George的耳根烧了起来,“我才没有那么说。”
“你绝对说了,”他得意地戳穿他,脸上是藏也藏不住的幼稚和神气。“我记得一清二楚好不好。”
George伸手用力地推了他一把,“你少他妈在那放屁。”
Max龇牙咧嘴,夸张地揉着自己刚刚被George碰到的地方,装作很痛的样子。“天啊,Russell,你什么时候变得这么咄咄逼人了?”
一瞬间,两个人都听到了来自卡塔尔的回响。往日如利剑般伤人的话语如今竟成了彼此间脱口而出的玩笑。
然后George轻轻地用肩膀撞了他一下,刻意绷着声音,“Two-faced.”
Max不甘示弱,也撞了回去,“Borderline violent.”嘴角出卖了他。

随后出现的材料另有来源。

lemma frame_derivative:
  assumes frame: "ca_frame C n e e'"
  shows "(\<Sum>j<n. cmul C (ip C (e' j) y) (D x (e j))) + (\<Sum>j<n. cmul C (ip C (D x (e' j)) y) (e j)) = 0"
proof -
  have "D x y = D x (\<Sum>j<n. cmul C (ip C (e' j) y) (e j))"
    by (subst frame_expansion[OF frame, of y]) (rule refl)
  also have "\<dots> = (\<Sum>j<n. cmul C (ip C (e' j) y) (D x (e j)))
      + (\<Sum>j<n. cmul C (ip C (D x (e' j)) y) (e j)) + (\<Sum>j<n. cmul C (ip C (e' j) (D x y)) (e j))"
    by (simp add: D_right.sum D_Leibniz anc_ip_D sections.scale_left_distrib sum.distrib add.assoc)
  also have "(\<Sum>j<n. cmul C (ip C (e' j) (D x y)) (e j)) = D x y"
    by (rule frame_expansion[OF frame, symmetric])
  finally show ?thesis by simp
qed

lemma trace_commutator_D:
  assumes S: "tensorial S"
  shows "ca_trace C (\<lambda>c. D x (S c)) - ca_trace C (\<lambda>c. S (D x c)) = anc C x (ca_trace C S)"
proof (rule trace_frame)
  fix n e e'
  assume frame: "ca_frame C n e e'" and trace: "\<And>T. ca_trace C T = (\<Sum>i<n. ip C (e' i) (T (e i)))"
  interpret S: module_hom "cmul C" "cmul C" S by (fact S)
  let ?dual_term = "\<Sum>j<n. ip C (D x (e' j)) (S (e j))"
  have "ca_trace C (\<lambda>c. S (D x c)) + ?dual_term
      = ca_trace C (\<lambda>c. S (\<Sum>j<n. cmul C (ip C (e' j) c) (D x (e j)))
                       + S (\<Sum>j<n. cmul C (ip C (D x (e' j)) c) (e j)))"
    by (simp add: trace_add trace_comp_finite_rank[OF S] trace)
  also have "\<dots> = 0"
    by (simp add: S.add[symmetric] frame_derivative[OF frame] trace_zero)
  finally have "ca_trace C (\<lambda>c. S (D x c)) = - ?dual_term"
    by (simp add: add_eq_0_iff)
  moreover have "anc C x (ca_trace C S) = ?dual_term + ca_trace C (\<lambda>c. D x (S c))"
    by (simp add: trace anc.sum anc_ip_D sum.distrib)
  ultimately show ?thesis by simp
qed

lemma conn_adj_eq_zero:
  assumes "\<And>z. ip C (D z x) y = 0"
  shows "conn_adj C D x y = 0"
  unfolding conn_adj_def
proof (rule the_equality)
  show "\<forall>z. ip C 0 z = ip C (D z x) y"
    by (simp add: assms ip_left.zero)
  show "c = 0" if "\<forall>z. ip C c z = ip C (D z x) y" for c
    using that assms by (simp add: ip_nondegenerate)
qed

lemma torsion_zero_left: "torsion C D 0 b = 0"
  and torsion_zero_right: "torsion C D a 0 = 0"
  unfolding torsion_def
  by (simp_all add: conn_adj_eq_zero D_left.zero D_right.zero ip_left.zero ip_right.zero
      br_left.zero br_right.zero)

lemma naive_curv_add_left: "naive_curv C D (x + y) u v = naive_curv C D x u v + naive_curv C D y u v"
  and naive_curv_add_mid: "naive_curv C D x (u + u') v = naive_curv C D x u v + naive_curv C D x u' v"
  and naive_curv_add_right: "naive_curv C D x u (v + v') = naive_curv C D x u v + naive_curv C D x u v'"
  unfolding naive_curv_def
  by (simp_all add: D_add_left D_add_right br_add_left br_add_right algebra_simps)

lemma naive_curv_zero_left: "naive_curv C D 0 u v = 0"
  and naive_curv_zero_mid: "naive_curv C D x 0 v = 0"
  unfolding naive_curv_def
  by (simp_all add: D_left.zero D_right.zero br_left.zero br_right.zero)

end

locale courant_metric = courant_alg +
  fixes G
  assumes metric: "gen_metric C G"
begin

lemma
  shows G_add: "G (a + b) = G a + G b"
    and G_cmul: "G (cmul C f a) = cmul C f (G a)"
    and G_self_adjoint: "ip C (G a) b = ip C a (G b)"
    and G_involutive: "G (G a) = a"
  using metric unfolding gen_metric_def by auto

sublocale G: module_hom "cmul C" "cmul C" G
  by unfold_locales (simp_all add: G_add G_cmul)

lemma G_scaleR: "G (r *\<^sub>R a) = r *\<^sub>R G a"
  by (metis G_cmul cmul_of_real)

lemma gen_metric_neg: "gen_metric C (\<lambda>x. - G x)"
  unfolding gen_metric_def
  by (simp add: G.neg G_add G_cmul G_involutive G_self_adjoint ip_left.minus ip_right.minus)

lemma pplus_add_pminus: "pplus G x + pminus G x = x"
  unfolding pplus_def pminus_def by (simp add: scaleR_add_right[symmetric])

lemma G_pplus: "G (pplus G x) = pplus G x"
  unfolding pplus_def by (simp add: G_scaleR G_add G_involutive add.commute)

lemma G_pminus: "G (pminus G x) = - pminus G x"
  unfolding pminus_def by (simp add: G_scaleR G.diff G_involutive scaleR_diff_right)

lemma
  assumes "G y = y"
  shows pplus_eq_self: "pplus G y = y" and pminus_eq_zero: "pminus G y = 0"
  using assms unfolding pplus_def pminus_def by (simp_all add: scaleR_add_right[symmetric])

lemma
  assumes "G y = - y"
  shows pplus_eq_zero: "pplus G y = 0" and pminus_eq_self: "pminus G y = y"
  using assms unfolding pplus_def pminus_def by (simp_all add: scaleR_add_right[symmetric])

lemma tensorial_pplus: "tensorial (pplus G)"
  by (rule tensorialI) (simp_all add: pplus_def G_add G_cmul cmul_scaleR algebra_simps)

lemma tensorial_pminus: "tensorial (pminus G)"
  by (rule tensorialI) (simp_all add: pminus_def G_add G_cmul cmul_scaleR algebra_simps)

lemma ip_eigenspaces_orthogonal:
  assumes "G u = u" and "G v = - v"
  shows "ip C u v = 0"
proof -
  have "ip C u v = - ip C u v"
    by (metis assms G_self_adjoint ip_right.minus)
  then have "(2::real) *\<^sub>R ip C u v = 0"
    by (simp add: scaleR_2 add_eq_0_iff)
  then show ?thesis by simp
qed

end

locale pure_metric_connection = courant_connection + courant_metric +
  fixes dv
  assumes metric_conn: "metric_connection G D"
    and divergence: "has_divergence C D dv"
    and pure_torsion: "pure_type_torsion C G D"
begin

lemma pure_metric_connection_neg: "pure_metric_connection C D (\<lambda>x. - G x) dv"
  by unfold_locales
    (simp_all add: gen_metric_neg metric_connection_neg pure_type_torsion_neg
      metric_conn divergence pure_torsion)

lemma D_preserves_plus: "G a = a \<Longrightarrow> G (D b a) = D b a"
  and D_preserves_minus: "G a = - a \<Longrightarrow> G (D b a) = - D b a"
  using metric_conn unfolding metric_connection_def by auto

lemma D_pminus: "D b (pminus G x) = pminus G (D b x)"
proof -
  have "pminus G (D b x) = pminus G (D b (pplus G x)) + pminus G (D b (pminus G x))"
    by (metis pplus_add_pminus D_add_right module_hom.add tensorial_pminus)
  then show ?thesis
    by (simp add: pminus_eq_self pminus_eq_zero D_preserves_plus D_preserves_minus G_pplus G_pminus)
qed

lemma torsion_mixed_type:
  assumes "pplus G x = 0 \<or> pplus G y = 0" and "pminus G x = 0 \<or> pminus G y = 0"
  shows "torsion C D x y = 0"
proof (rule ip_nondegenerate)
  fix z
  have "ip C (torsion C D x y) z = ip C (torsion C D (pplus G x) (pplus G y)) (pplus G z)
      + ip C (torsion C D (pminus G x) (pminus G y)) (pminus G z)"
    using pure_torsion unfolding pure_type_torsion_def by blast
  then show "ip C (torsion C D x y) z = 0"
    using assms by (auto simp: torsion_zero_left torsion_zero_right ip_left.zero)
qed

lemma bracket_opposite_types:
  assumes a: "G a = a" and b: "G b = - b"
  shows "br C a b = D a b - D b a" and "br C b a = D b a - D a b"
proof -
  have "pplus G b = 0" "pminus G a = 0"
    using a b by (simp_all add: pplus_eq_zero pminus_eq_zero)
  then have "torsion C D a b = 0" "torsion C D b a = 0"
    by (simp_all add: torsion_mixed_type)
  moreover have "conn_adj C D a b = 0" "conn_adj C D b a = 0"
    using a b D_preserves_plus D_preserves_minus ip_eigenspaces_orthogonal ip_commute
    by (metis conn_adj_eq_zero)+
  ultimately show "br C a b = D a b - D b a" and "br C b a = D b a - D a b"
    unfolding torsion_def by (simp_all add: algebra_simps)
qed

lemma div_eq_trace: "dv w = ca_trace C (\<lambda>c. D c w)"
  using divergence unfolding has_divergence_def by blast

lemma div_diff: "dv (x - y) = dv x - dv y"
  by (simp add: div_eq_trace D_right.diff trace_diff)

lemma div_eq_trace_pminus:
  assumes w: "G w = - w"
  shows "ca_trace C (\<lambda>c. D (pminus G c) w) = dv w"
proof -
  have "ca_trace C (\<lambda>c. D (pplus G c) w) = ca_trace C (\<lambda>c. pminus G (D (pplus G c) w))"
    by (simp add: pminus_eq_self D_preserves_minus w)
  also have "\<dots> = ca_trace C (\<lambda>c. D (pplus G (pminus G c)) w)"
    by (rule trace_comp_commute[OF tensorial_pminus tensorial_comp_D_left[OF tensorial_pplus]])
  also have "\<dots> = 0"
    by (simp add: pplus_eq_zero G_pminus D_left.zero trace_zero)
  finally have "ca_trace C (\<lambda>c. D (pplus G c) w) = 0" .
  moreover have "dv w = ca_trace C (\<lambda>c. D (pplus G c) w) + ca_trace C (\<lambda>c. D (pminus G c) w)"
    by (simp add: div_eq_trace trace_add[symmetric] D_add_left[symmetric] pplus_add_pminus)
  ultimately show ?thesis by simp
qed

lemma total_curv_plus:
  assumes "G a = a"
  shows "total_curv C G D c a b = naive_curv C D (pminus G c) a b"
  using assms unfolding total_curv_def
  by (simp add: pplus_eq_self pminus_eq_zero naive_curv_zero_mid)

lemma total_ricci_plus_minus:
  assumes a: "G a = a" and b: "G b = - b"
  shows "total_ricci C G D a b
    = dv (D a b) - anc C a (dv b) - ca_trace C (\<lambda>c. D (D (pminus G c) a) b)"
proof -
  let ?S = "\<lambda>c. D (pminus G c) b"
  have S: "tensorial ?S"
    by (rule tensorial_comp_D_left[OF tensorial_pminus])
  have bracket: "br C (pminus G c) a = D (pminus G c) a - pminus G (D a c)" for c
    using bracket_opposite_types(2)[OF a G_pminus] by (simp add: D_pminus)
  have curv: "naive_curv C D (pminus G c) a b
      = D (pminus G c) (D a b) - (D a (?S c) - ?S (D a c)) - D (D (pminus G c) a) b" for c
    unfolding naive_curv_def bracket D_left.diff by (simp add: D_pminus algebra_simps)
  have "total_ricci C G D a b = ca_trace C (\<lambda>c. D (pminus G c) (D a b))
      - (ca_trace C (\<lambda>c. D a (?S c)) - ca_trace C (\<lambda>c. ?S (D a c)))
      - ca_trace C (\<lambda>c. D (D (pminus G c) a) b)"
    unfolding total_ricci_def total_curv_plus[OF a] curv by (simp only: trace_diff)
  also have "ca_trace C (\<lambda>c. D (pminus G c) (D a b)) = dv (D a b)"
    by (rule div_eq_trace_pminus) (rule D_preserves_minus[OF b])
  also have "ca_trace C (\<lambda>c. D a (?S c)) - ca_trace C (\<lambda>c. ?S (D a c)) = anc C a (dv b)"
    by (simp only: trace_commutator_D[OF S] div_eq_trace_pminus[OF b])
  finally show ?thesis .
qed

lemma trace_D_D_swap:
  assumes a: "G a = a" and b: "G b = - b"
  shows "ca_trace C (\<lambda>c. D (D (pminus G c) a) b) = ca_trace C (\<lambda>c. D (D (pplus G c) b) a)"
proof -
  have "ca_trace C (\<lambda>c. D (D (pminus G c) a) b) = ca_trace C (\<lambda>c. D (pplus G (D (pminus G c) a)) b)"
    by (simp add: pplus_eq_self D_preserves_plus a)
  also have "\<dots> = ca_trace C (\<lambda>c. D (pminus G (D (pplus G c) b)) a)"
    by (rule trace_comp_commute[OF tensorial_comp_D_left tensorial_comp_D_left])
      (simp_all add: tensorial_pplus tensorial_pminus)
  also have "\<dots> = ca_trace C (\<lambda>c. D (D (pplus G c) b) a)"
    by (simp add: pminus_eq_self D_preserves_minus b)
  finally show ?thesis .
qed

lemma total_ricci_antisym_plus_minus:
  assumes a: "G a = a" and b: "G b = - b"
  shows "total_ricci C G D a b - total_ricci C G D b a
    = dv (br C a b) - anc C a (dv b) + anc C b (dv a)"
proof -
  interpret neg: pure_metric_connection C D "\<lambda>x. - G x" dv
    by (fact pure_metric_connection_neg)
  have "total_ricci C G D b a
      = dv (D b a) - anc C b (dv a) - ca_trace C (\<lambda>c. D (D (pplus G c) b) a)"
    using neg.total_ricci_plus_minus[of b a] a b by simp
  then show ?thesis
    by (simp add: total_ricci_plus_minus[OF a b] trace_D_D_swap[OF a b]
        bracket_opposite_types(1)[OF a b] div_diff)
qed

lemma total_ricci_antisym:
  assumes "(G a = - a \<and> G b = b) \<or> (G a = a \<and> G b = - b)"
  shows "total_ricci C G D a b - total_ricci C G D b a
    = dv (br C a b) - anc C a (dv b) + anc C b (dv a)"
proof -
  interpret neg: pure_metric_connection C D "\<lambda>x. - G x" dv
    by (fact pure_metric_connection_neg)
  show ?thesis
    using assms total_ricci_antisym_plus_minus neg.total_ricci_antisym_plus_minus[of a b] by auto
qed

两人不约而同地大笑起来,好像有什么东西在清晨的微风中飘散了。
而这一刻——仅仅是这一刻,他们终于能够顺畅地呼吸。
没一会儿,笑声平息了,George率先冷静了下来。
“总之,”他说道,声音恢复了往日的沉着,“现在就探讨明年的席位问题毫无意义。眼下我们最重要的事情是还你一份清白。而国际汽联的那帮人今天绝不会轻而易举地放过你。”
现在Max脸上的笑容也完全消失了,沉重的现实如海浪般再次扑来。
George又往Max身边靠了靠,语气里再无半点戏谑。“记住,不管他们提出怎样刁钻的问题,不管他们怎样变着法子向你施压,别被他们牵着鼻子走。你只需要知道他们手上只有一张你穿着自己的队服在酒店附近散步的照片,你没有犯罪。不要跳进他们的陷阱里,按照自己的节奏来。”
Max的眉头皱了皱,安静地听着。
“你要知道,”George继续说道,“他们的目标就是把你塑造成罪犯。你的每一次口误都会被他们抓住,然后大做文章。所以,你不要辩解,更不要反驳。你就陈述事实,剩下的交给我。”
他看向Max的眼睛,“明白了吗?”
而Max严肃地点点头,“明白。”
国际汽联总部四面都是玻璃幕墙,它像一颗被精心打磨过的宝石镶嵌在大地上,象征着至高无上的权力。大门前的金属路障后,正挤着一群疯狂的记者们。训练有素的安保人员挥手示意他们赶紧通过,使他们免于那些闪光灯的追杀。但George依旧能感觉到,那一双双眼睛,一个个摄像头都对准了他,想从他身上撕下一块肉来。
他走在Max的身旁,手里还拎着公文包,俨然是一副大律师的模样。他昂首挺胸,器宇轩昂,没给那些虎视眈眈的镜头任何可乘之机。就在离大门仅两步之遥时,George忽然刹住了脚步。
一个大胆的猜想犹如当头一棒猛地敲向了他——那个在他和Toto对峙后,便一直隐隐约约盘旋在他意识深处的念头,或许正是他苦苦寻觅已久的破局的关键。
也许——
他的心跳开始加快。
Max有点不解地看向他,“George?”
George骤然将目光锁定在Max脸上,这突如其来的压迫感让Max不禁后退了半步。George的声音很低很低,只有他们两个人才能听到,“Max——我得去个地方。你先进去,我会尽快回来。”
Max的心陡然提到了嗓子眼,“什么?去哪——你究竟要——不,我跟你一起去。”
George立刻摇了摇头,他已经开始向后走去,脑中飞快地闪过各种可能性,“不行,你不能迟到,不能让他们抓到更多的把柄。赶紧进去吧,记住我说的话,别接受他们开出的任何条件,别脑子一热就妥协了。拖延时间,能拖多久拖多久,等我回来。”
“George——”
来不及了,George在离开前最后抛下了一句话:“尽量帮我多争取点时间,晚点我再跟你解释。”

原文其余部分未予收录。